Congratulations on making it to the end of this module!

Exercises#

English#

Open this notebook in Google Colab and run it for yourself from top to bottom. As you run through the notebook, cell by cell, think about what each cell is doing, and try the practical exercises along the way.

Have go at the practical exercises, but please don’t worry if you don’t have time to do them all during the practical session, and please ask the teaching assistants for help if you are stuck.

Hint: To open the notebook in Google Colab, click the rocket icon at the top of the page, then select “Colab” from the drop-down menu.

Français#

Ouvrir ce notebook dans Google Colab et l’exécuter vous-même du début à la fin. Pendant que vous exécutez le notebook, cellule par cellule, pensez à ce que chaque cellule fait et essayez de faire les exercices quand vous les rencontrez.

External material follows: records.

lemma outside_Jordan_subset_outside:
  fixes J :: "real \<Rightarrow> complex"
  assumes "simple_path J" "pathfinish J = pathstart J"
    and "K \<subseteq> inside (path_image J) \<union> path_image J"
  shows "outside (path_image J) \<subseteq> outside K"
proof -
  note Jordan = Jordan_inside_outside[OF assms(1,2)]
  have "outside (path_image J) \<inter> K = {}"
    using Jordan assms(3) outside_no_overlap[of "path_image J"] by blast
  then show ?thesis
    using Jordan by (intro connected_unbounded_subset_outside) auto
qed

lemma inside_subset_Jordan_inside:
  fixes J :: "real \<Rightarrow> complex"
  assumes J: "simple_path J" "pathfinish J = pathstart J"
    and K: "closed K" "K \<subseteq> inside (path_image J) \<union> path_image J"
  shows "inside K \<subseteq> inside (path_image J)"
proof -
  note Jordan = Jordan_inside_outside[OF J]
  have "inside K \<inter> outside (path_image J) = {}"
    using outside_Jordan_subset_outside[OF J K(2)] inside_Int_outside by blast
  then have "inside K \<inter> closure (outside (path_image J)) = {}"
    using open_Int_closure_eq_empty[OF open_inside[OF K(1)]] by blast
  moreover have "closure (outside (path_image J)) = outside (path_image J) \<union> path_image J"
    using Jordan by (simp add: closure_Un_frontier)
  ultimately have "inside K \<subseteq> - (path_image J \<union> outside (path_image J))"
    by blast
  then show ?thesis
    by (simp add: inside_outside)
qed

lemma residue_theorem_Jordan_region:
  fixes f :: "complex \<Rightarrow> complex" and J P :: "real \<Rightarrow> complex"
  assumes S: "open S" "f holomorphic_on S - {p}"
    and J: "simple_path J" "pathfinish J = pathstart J"
    and JS: "inside (path_image J) \<union> path_image J \<subseteq> S"
    and P: "valid_path P" "pathfinish P = pathstart P"
      "path_image P \<subseteq> inside (path_image J) \<union> path_image J" "p \<notin> path_image P"
  shows "contour_integral P f = 2 * pi * \<i> * winding_number P p * residue f p"
proof -
  define A where "A = inside (path_image J) \<union> path_image J"
  have "connected A" "A \<noteq> {}"
    using J Jordan_inside_outside[OF J] connected_with_inside[of "path_image J"]
    by (auto simp: A_def Un_commute closed_simple_path_image connected_simple_path_image)
  then obtain x0 where "x0 \<in> A" by blast
  define C where "C = connected_component_set S x0"
  have C: "open C" "connected C" "C \<subseteq> S"
    using S(1) by (auto simp: C_def open_connected_component connected_component_subset)
  have "A \<subseteq> C"
    unfolding C_def using JS \<open>x0 \<in> A\<close> \<open>connected A\<close>
    by (intro connected_component_maximal) (auto simp: A_def)
  have "winding_number P z = 0" if "z \<notin> C" for z
  proof -
    have "z \<in> outside (path_image J)"
      using that \<open>A \<subseteq> C\<close> by (auto simp: A_def outside_inside)
    then have "z \<in> outside (path_image P)"
      using outside_Jordan_subset_outside[OF J P(3)] by blast
    then show ?thesis
      using winding_number_zero_in_outside valid_path_imp_path P by blast
  qed
  then have "contour_integral P f = 2 * pi * \<i> * (\<Sum>q\<in>{p}. winding_number P q * residue f q)"
    using C \<open>A \<subseteq> C\<close> P S(2) holomorphic_on_subset[of f "S - {p}" "C - {p}"]
    by (intro Residue_theorem[OF C(1,2), of "{p}"]) (auto simp: A_def)
  then show ?thesis by simp
qed

lemma excursion_into_open:
  fixes g :: "real \<Rightarrow> 'a :: topological_space"
  assumes g: "continuous_on UNIV g" and D: "open D" "frontier D \<subseteq> K"
    and t: "lo \<le> t" "t \<le> hi" "g lo \<notin> D" "g hi \<notin> D" "g t \<in> D"
  obtains a b where "a < b" "g a \<in> K" "g b \<in> K" "g ` {a..b} \<subseteq> D \<union> K"
proof -
  define A1 where "A1 = {lo..t} \<inter> g -` (- D)"
  define A2 where "A2 = {t..hi} \<inter> g -` (- D)"
  have closed: "closed A1" "closed A2"
    unfolding A1_def A2_def using g D
    by (auto intro!: closed_vimage simp: closed_Compl)
  have bdd: "bdd_above A1" "bdd_below A2"
    unfolding A1_def A2_def by auto
  define a where "a = Sup A1"
  define b where "b = Inf A2"
  have "lo \<in> A1" "hi \<in> A2"
    using t unfolding A1_def A2_def by auto
  then have "a \<in> A1" "b \<in> A2"
    unfolding a_def b_def using closed_contains_Sup[OF _ bdd(1) closed(1)]
      closed_contains_Inf[OF _ bdd(2) closed(2)] by auto
  then have ab: "a < t" "t < b" "g a \<notin> D" "g b \<notin> D"
    using t unfolding A1_def A2_def by (auto simp: less_le)
  have "g s \<in> D" if "a < s" "s < b" for s
  proof (rule ccontr)
    assume "g s \<notin> D"
    then have "s \<in> A1 \<or> s \<in> A2"
      using that \<open>a \<in> A1\<close> \<open>b \<in> A2\<close> unfolding A1_def A2_def by auto
    then show False
      using that cSup_upper[OF _ bdd(1)] cInf_lower[OF _ bdd(2)] unfolding a_def b_def by force
  qed
  then have "g ` {a<..<b} \<subseteq> closure D"
    using closure_subset by fastforce
  then have "g ` {a..b} \<subseteq> closure D"
    using image_closure_subset[of "{a<..<b}" g "closure D"] g ab
    by (auto intro: continuous_on_subset)
  moreover have "closure D = D \<union> frontier D"
    using D(1) by (simp add: closure_Un_frontier)
  ultimately have image: "g ` {a..b} \<subseteq> D \<union> K"
    using D(2) by auto
  have "a \<in> {a..b}" "b \<in> {a..b}"
    using ab by auto
  then have "g a \<in> K" "g b \<in> K"
    using subsetD[OF image imageI] ab by (metis UnE)+
  then show ?thesis
    using ab image by (intro that[of a b]) auto
qed

section \<open>Crossing orbits\<close>

lemma injective_local_primitive:
  fixes chi :: "complex \<Rightarrow> complex"
  assumes V: "open V" "chi holomorphic_on V" and z0: "z0 \<in> V" "chi z0 \<noteq> 0" and "a \<noteq> 0"
  obtains \<rho> \<Phi> where "\<rho> > 0" "ball z0 \<rho> \<subseteq> V" "\<And>z. z \<in> ball z0 \<rho> \<Longrightarrow> chi z \<noteq> 0"
    "\<And>z. z \<in> ball z0 \<rho> \<Longrightarrow> (\<Phi> has_field_derivative 1 / (a * chi z)) (at z)"
    "\<Phi> holomorphic_on ball z0 \<rho>" "inj_on \<Phi> (ball z0 \<rho>)" "\<Phi> z0 = 0"
proof -
  have "open (V \<inter> chi -` (- {0}))"
    using V by (intro continuous_open_preimage holomorphic_on_imp_continuous_on) auto
  then obtain r where r: "r > 0" "ball z0 r \<subseteq> V \<inter> chi -` (- {0})"
    using z0 open_contains_ball by blast
  then have "(\<lambda>z. 1 / (a * chi z)) holomorphic_on ball z0 r"
    using V(2) \<open>a \<noteq> 0\<close> by (intro holomorphic_intros) (auto intro: holomorphic_on_subset)
  then obtain G where "\<And>z. z \<in> ball z0 r \<Longrightarrow> (G has_field_derivative 1 / (a * chi z)) (at z within ball z0 r)"
    using holomorphic_convex_primitive'[OF convex_ball open_ball] by blast
  then have G0: "\<And>z. z \<in> ball z0 r \<Longrightarrow> (G has_field_derivative 1 / (a * chi z)) (at z)"
    by (metis at_within_open open_ball)
  define \<Phi> where "\<Phi> z = G z - G z0" for z
  have \<Phi>: "(\<Phi> has_field_derivative 1 / (a * chi z)) (at z)" if "z \<in> ball z0 r" for z
    using DERIV_diff[OF G0[OF that] DERIV_const[of "G z0"]] unfolding \<Phi>_def by simp
  then have hol: "\<Phi> holomorphic_on ball z0 r"
    unfolding holomorphic_on_def field_differentiable_def by (blast intro: has_field_derivative_at_within)
  moreover have "deriv \<Phi> z0 \<noteq> 0"
    using DERIV_imp_deriv[OF \<Phi>[of z0]] r z0 \<open>a \<noteq> 0\<close> by simp
  ultimately obtain \<rho> where "\<rho> > 0" "ball z0 \<rho> \<subseteq> ball z0 r" "inj_on \<Phi> (ball z0 \<rho>)"
    using has_complex_derivative_locally_injective[OF hol centre_in_ball[THEN iffD2, OF r(1)] open_ball]
    by blast
  then show ?thesis
    using r by (intro that[of \<rho> \<Phi>] \<Phi> holomorphic_on_subset[OF hol]) (auto simp: \<Phi>_def)
qed

lemma primitive_along_solution:
  fixes chi G :: "complex \<Rightarrow> complex"
  assumes g: "is_solution (\<lambda>z. b * chi z) V UNIV g" and B: "open B" "g t \<in> B"
    and G: "\<And>z. z \<in> B \<Longrightarrow> chi z \<noteq> 0" "\<And>z. z \<in> B \<Longrightarrow> (G has_field_derivative 1 / (a * chi z)) (at z)"
  obtains \<epsilon> where "\<epsilon> > 0"
    "\<And>e. \<bar>e\<bar> \<le> \<epsilon> \<Longrightarrow> g (t + e) \<in> B \<and> G (g (t + e)) = G (g t) + b / a * e"
proof -
  obtain r where "r > 0" "ball (g t) r \<subseteq> B"
    using B open_contains_ball by blast
  moreover have "isCont g t"
    using g has_vector_derivative_continuous unfolding is_solution_UNIV_iff by blast
  ultimately obtain d where d: "d > 0" "\<And>s. dist s t < d \<Longrightarrow> g s \<in> B"
    unfolding continuous_at_eps_delta by (metis dist_commute mem_ball subsetD)
  define \<epsilon> where "\<epsilon> = d / 2"
  have inB: "g (t + e) \<in> B" if "e \<in> {-\<epsilon>..\<epsilon>}" for e
    using d that by (auto simp: \<epsilon>_def dist_real_def)
  have "((\<lambda>e. G (g (t + e)) - b / a * e) has_vector_derivative 0) (at e within {-\<epsilon>..\<epsilon>})"
    if "e \<in> {-\<epsilon>..\<epsilon>}" for e
  proof -
    have "((\<lambda>e. t + e) has_vector_derivative 1) (at e)"
      by (auto intro!: derivative_eq_intros)
    from vector_diff_chain_at[OF this, of g] g
    have "((\<lambda>e. g (t + e)) has_vector_derivative b * chi (g (t + e))) (at e)"
      by (simp add: o_def is_solution_UNIV_iff)
    from field_vector_diff_chain_at[OF this G(2)[OF inB[OF that]]]
    have "((\<lambda>e. G (g (t + e))) has_vector_derivative b / a) (at e)"
      using G(1)[OF inB[OF that]] by (simp add: o_def)
    moreover have "((\<lambda>e. b / a * of_real e) has_vector_derivative b / a) (at e)"
      using has_vector_derivative_mult_right[OF has_vector_derivative_of_real[OF DERIV_ident], of "b / a"]
      by simp
    ultimately show ?thesis
      using has_vector_derivative_diff has_vector_derivative_at_within by fastforce
  qed
  then obtain c where c: "\<And>e. e \<in> {-\<epsilon>..\<epsilon>} \<Longrightarrow> G (g (t + e)) - b / a * e = c"
    using has_vector_derivative_zero_constant[OF convex_real_interval(5)] by blast
  have "\<epsilon> > 0"
    using d by (simp add: \<epsilon>_def)
  then have "G (g t) = c"
    using c[of 0] by simp
  with c have "G (g (t + e)) = G (g t) + b / a * e" if "e \<in> {-\<epsilon>..\<epsilon>}" for e
    using that by (simp add: algebra_simps)
  then show ?thesis
    using inB \<open>\<epsilon> > 0\<close> by (intro that[of \<epsilon>]) (auto simp: abs_le_iff)
qed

Essayez de faire les exercices mais ne vous inquiétez pas si vous n’avez pas le temps de tout faire pendant la séance appliquée et n’hésitez pas à demander aux enseignants assistants si vous avez besoin d’aide parce que vous êtes bloqués.

Indice: Pour ouvrir le notebook dans Google Colab, cliquer sur l’icône de fusée au sommet de cette page puis choisissez “Colab” dans le menu déroulant.